PHP Web Crawler

wh33t · April 18, 2015, 2:03am

Hi SP,

I’m creating a small web spider in PHP that will read some RSS feeds for a client. It got me wondering a lot of things about what a spider does and how it reveals itself to a webserver. For instance when I view my connection logs on my server I sometimes see things like “bing-bot”, “google-bot” etc and I was curious, how do they reveal their crawling sessions like this? Would it be possible for me to set up something like that in PHP?

megazoid · April 18, 2015, 8:54am

That values come from User-Agent header sent by crawler.
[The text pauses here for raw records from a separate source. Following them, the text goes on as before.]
(* Consider a downlink system with $L$ transmitters, each having $M$ antennas, $K$ single-antenna data receivers and $J$ single-antenna energy receivers. For $k\in\{1,\dots,K\}$ let $\mathbf{h}_k\in\mathbb{C}^{ML\times1}$ and $\mathbf{H}_k=\mathbf{h}_k\mathbf{h}_k^H$; for $j\in\{1,\dots,J\}$ let $\mathbf{g}_j\in\mathbb{C}^{ML\times1}$ and $\mathbf{G}_j=\mathbf{g}_j\mathbf{g}_j^H$. For $l\in\{1,\dots,L\}$ let $\mathbf{A}_l$ be the $ML\times ML$ diagonal matrix with $(l-1)M$ leading zeros, then $M$ ones, then $(L-l)M$ zeros on its diagonal. Fix $\sigma^2>0$, $\eta\in(0,1)$, $Q_{\min}\ge0$, $C_l>0$, $E_l>0$, $\beta_{kl}>0$, $\hat R_k\ge 0$. Let $\mathcal{F}_0$ be the set of tuples of Hermitian matrices $(\{\mathbf{W}_k\}_{k=1}^K,\{\mathbf{V}_j\}_{j=1}^J)$ satisfying (a) $\sum_{i=1}^K\mathrm{tr}(\mathbf{G}_j\mathbf{W}_i)+\sum_{i=1}^J\mathrm{tr}(\mathbf{G}_j\mathbf{V}_i)\ge Q_{\min}/\eta$ for all $j$; (b) $\sum_{k=1}^K\beta_{kl}\,\mathrm{tr}(\mathbf{W}_k\mathbf{A}_l)\,\hat R_k\le C_l$ for all $l$; (c) $\mathbf{W}_k\succeq0$, $\mathbf{V}_j\succeq0$ for all $k,j$. Let (P4) be the problem of maximizing $$\min_{k}\frac{\mathrm{tr}(\mathbf{H}_k\mathbf{W}_k)}{\sum_{i\neq k}\mathrm{tr}(\mathbf{H}_k\mathbf{W}_i)+\sum_{i=1}^J\mathrm{tr}(\mathbf{H}_k\mathbf{V}_i)+\sigma^2}$$ over $\mathcal{F}_0$ subject additionally to $\sum_{k=1}^K\mathrm{tr}(\mathbf{W}_k\mathbf{A}_l)+\sum_{j=1}^J\mathrm{tr}(\mathbf{V}_j\mathbf{A}_l)\le E_l$ for all $l$, and let $\gamma_{\max}$ denote its optimal value. For $\gamma>0$, let (P5) be the problem of minimizing $$\max_{l}\frac{\sum_{k=1}^K\mathrm{tr}(\mathbf{W}_k\mathbf{A}_l)+\sum_{j=1}^J\mathrm{tr}(\mathbf{V}_j\mathbf{A}_l)}{E_l}$$ over $\mathcal{F}_0$ subject additionally to $\frac1\gamma\mathrm{tr}(\mathbf{H}_k\mathbf{W}_k)-\sum_{i\ne k}\mathrm{tr}(\mathbf{H}_k\mathbf{W}_i)-\sum_{i=1}^J\mathrm{tr}(\mathbf{H}_k\mathbf{V}_i)-\sigma^2\ge0$ for all $k$, and let $h(\gamma)$ denote its optimal value. Call $\gamma$ achievable if $\gamma\le\gamma_{\max}$. Then a common SINR target $\gamma>0$ is achievable if and only if $h(\gamma)\le 1$.
   Context: $\mathrm{tr}$ denotes trace and $\succeq0$ positive semidefiniteness. The ratio in (P4) is the signal-to-interference-plus-noise ratio (SINR) of data receiver $k$ under the relaxed beamforming covariances $\mathbf{W}_k$ (data) and $\mathbf{V}_j$ (energy); $h(\gamma)$ is the minimum weighted peak transmit power needed to give every data receiver SINR at least $\gamma$. *)

theory Defs
  imports "Jordan_Normal_Form.Matrix" "HOL-Library.Extended_Real"
begin

definition mtrace :: "complex mat \<Rightarrow> complex" where
  "mtrace X = (\<Sum>i<dim_row X. X $$ (i,i))"

definition hermitian_mat :: "nat \<Rightarrow> complex mat \<Rightarrow> bool" where
  "hermitian_mat N W \<longleftrightarrow> W \<in> carrier_mat N N \<and>
     (\<forall>i<N. \<forall>j<N. W $$ (i,j) = cnj (W $$ (j,i)))"

definition psd_mat :: "nat \<Rightarrow> complex mat \<Rightarrow> bool" where
  "psd_mat N W \<longleftrightarrow> hermitian_mat N W \<and>
     (\<forall>x\<in>carrier_vec N. 0 \<le> Re (\<Sum>i<N. \<Sum>j<N. cnj (x $ i) * W $$ (i,j) * x $ j))"

definition outer :: "complex vec \<Rightarrow> complex mat" where
  "outer h = mat (dim_vec h) (dim_vec h) (\<lambda>(i,j). h $ i * cnj (h $ j))"

definition selA :: "nat \<Rightarrow> nat \<Rightarrow> nat \<Rightarrow> complex mat" where
  "selA M L l = mat_diag (M * L) (\<lambda>i. if (l - 1) * M \<le> i \<and> i < l * M then 1 else 0)"

text \<open>tr(X Y) as a real number (all traces occurring are of products of Hermitian
  matrices with PSD matrices, hence real; we take the real part).\<close>
definition rtr :: "complex mat \<Rightarrow> complex mat \<Rightarrow> real" where
  "rtr X Y = Re (mtrace (X * Y))"

definition F0 :: "nat \<Rightarrow> nat \<Rightarrow> nat \<Rightarrow> nat \<Rightarrow> (nat \<Rightarrow> complex vec) \<Rightarrow> real \<Rightarrow> real
   \<Rightarrow> (nat \<Rightarrow> real) \<Rightarrow> (nat \<Rightarrow> nat \<Rightarrow> real) \<Rightarrow> (nat \<Rightarrow> real)
   \<Rightarrow> (nat \<Rightarrow> complex mat) \<Rightarrow> (nat \<Rightarrow> complex mat) \<Rightarrow> bool" where
  "F0 M L K J g eta Qmin C beta Rhat W V \<longleftrightarrow>
     (\<forall>j\<in>{1..J}. (\<Sum>i=1..K. rtr (outer (g j)) (W i)) + (\<Sum>i=1..J. rtr (outer (g j)) (V i))
                    \<ge> Qmin / eta) \<and>
     (\<forall>l\<in>{1..L}. (\<Sum>k=1..K. beta k l * rtr (W k) (selA M L l) * Rhat k) \<le> C l) \<and>
     (\<forall>k\<in>{1..K}. psd_mat (M * L) (W k)) \<and>
     (\<forall>j\<in>{1..J}. psd_mat (M * L) (V j))"

definition sinr :: "nat \<Rightarrow> nat \<Rightarrow> (nat \<Rightarrow> complex vec) \<Rightarrow> real
   \<Rightarrow> (nat \<Rightarrow> complex mat) \<Rightarrow> (nat \<Rightarrow> complex mat) \<Rightarrow> nat \<Rightarrow> real" where
  "sinr K J h sigma2 W V k =
     rtr (outer (h k)) (W k) /
     ((\<Sum>i\<in>{1..K}-{k}. rtr (outer (h k)) (W i)) + (\<Sum>i=1..J. rtr (outer (h k)) (V i)) + sigma2)"

definition power :: "nat \<Rightarrow> nat \<Rightarrow> nat \<Rightarrow> nat
   \<Rightarrow> (nat \<Rightarrow> complex mat) \<Rightarrow> (nat \<Rightarrow> complex mat) \<Rightarrow> nat \<Rightarrow> real" where
  "power M L K J W V l = (\<Sum>k=1..K. rtr (W k) (selA M L l)) + (\<Sum>j=1..J. rtr (V j) (selA M L l))"

text \<open>Optimal value of (P4) (supremum; -\<infinity> if infeasible).\<close>
definition gamma_max :: "nat \<Rightarrow> nat \<Rightarrow> nat \<Rightarrow> nat \<Rightarrow> (nat \<Rightarrow> complex vec) \<Rightarrow> (nat \<Rightarrow> complex vec)
   \<Rightarrow> real \<Rightarrow> real \<Rightarrow> real \<Rightarrow> (nat \<Rightarrow> real) \<Rightarrow> (nat \<Rightarrow> real) \<Rightarrow> (nat \<Rightarrow> nat \<Rightarrow> real)
   \<Rightarrow> (nat \<Rightarrow> real) \<Rightarrow> ereal" where
  "gamma_max M L K J h g sigma2 eta Qmin C E beta Rhat =
     Sup {ereal (Min ((sinr K J h sigma2 W V) ` {1..K})) | W V.
            F0 M L K J g eta Qmin C beta Rhat W V \<and>
            (\<forall>l\<in>{1..L}. power M L K J W V l \<le> E l)}"

text \<open>Optimal value h(gamma) of (P5) (infimum; +\<infinity> if infeasible).\<close>
definition hP5 :: "nat \<Rightarrow> nat \<Rightarrow> nat \<Rightarrow> nat \<Rightarrow> (nat \<Rightarrow> complex vec) \<Rightarrow> (nat \<Rightarrow> complex vec)
   \<Rightarrow> real \<Rightarrow> real \<Rightarrow> real \<Rightarrow> (nat \<Rightarrow> real) \<Rightarrow> (nat \<Rightarrow> real) \<Rightarrow> (nat \<Rightarrow> nat \<Rightarrow> real)
   \<Rightarrow> (nat \<Rightarrow> real) \<Rightarrow> real \<Rightarrow> ereal" where
  "hP5 M L K J h g sigma2 eta Qmin C E beta Rhat \<gamma> =
     Inf {ereal (Max ((\<lambda>l. power M L K J W V l / E l) ` {1..L})) | W V.
            F0 M L K J g eta Qmin C beta Rhat W V \<and>
            (\<forall>k\<in>{1..K}. (1 / \<gamma>) * rtr (outer (h k)) (W k)
                 - (\<Sum>i\<in>{1..K}-{k}. rtr (outer (h k)) (W i))
                 - (\<Sum>i=1..J. rtr (outer (h k)) (V i)) - sigma2 \<ge> 0)}"

end

theory Submission
  imports Defs
begin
You can send your own header:

header("User-Agent: My Crawler Name");

or, if you use cURL:

curl_setopt($c, CURLOPT_USERAGENT, 'My Crawler Name');

Mittineague · April 18, 2015, 8:59am

If you want to get into the nitty-gritty check out section 14.43
http://www.w3.org/Protocols/rfc2616/rfc2616-sec14.html

User-Agent = “User-Agent” “:” 1*( product | comment )

wh33t · April 19, 2015, 3:47am

Thanks guys. Appreciate that.

oddz · April 19, 2015, 5:25am

I would recommend checking out this project.

http://querypath.org/

system · July 19, 2015, 12:39pm

This topic was automatically closed 91 days after the last reply. New replies are no longer allowed.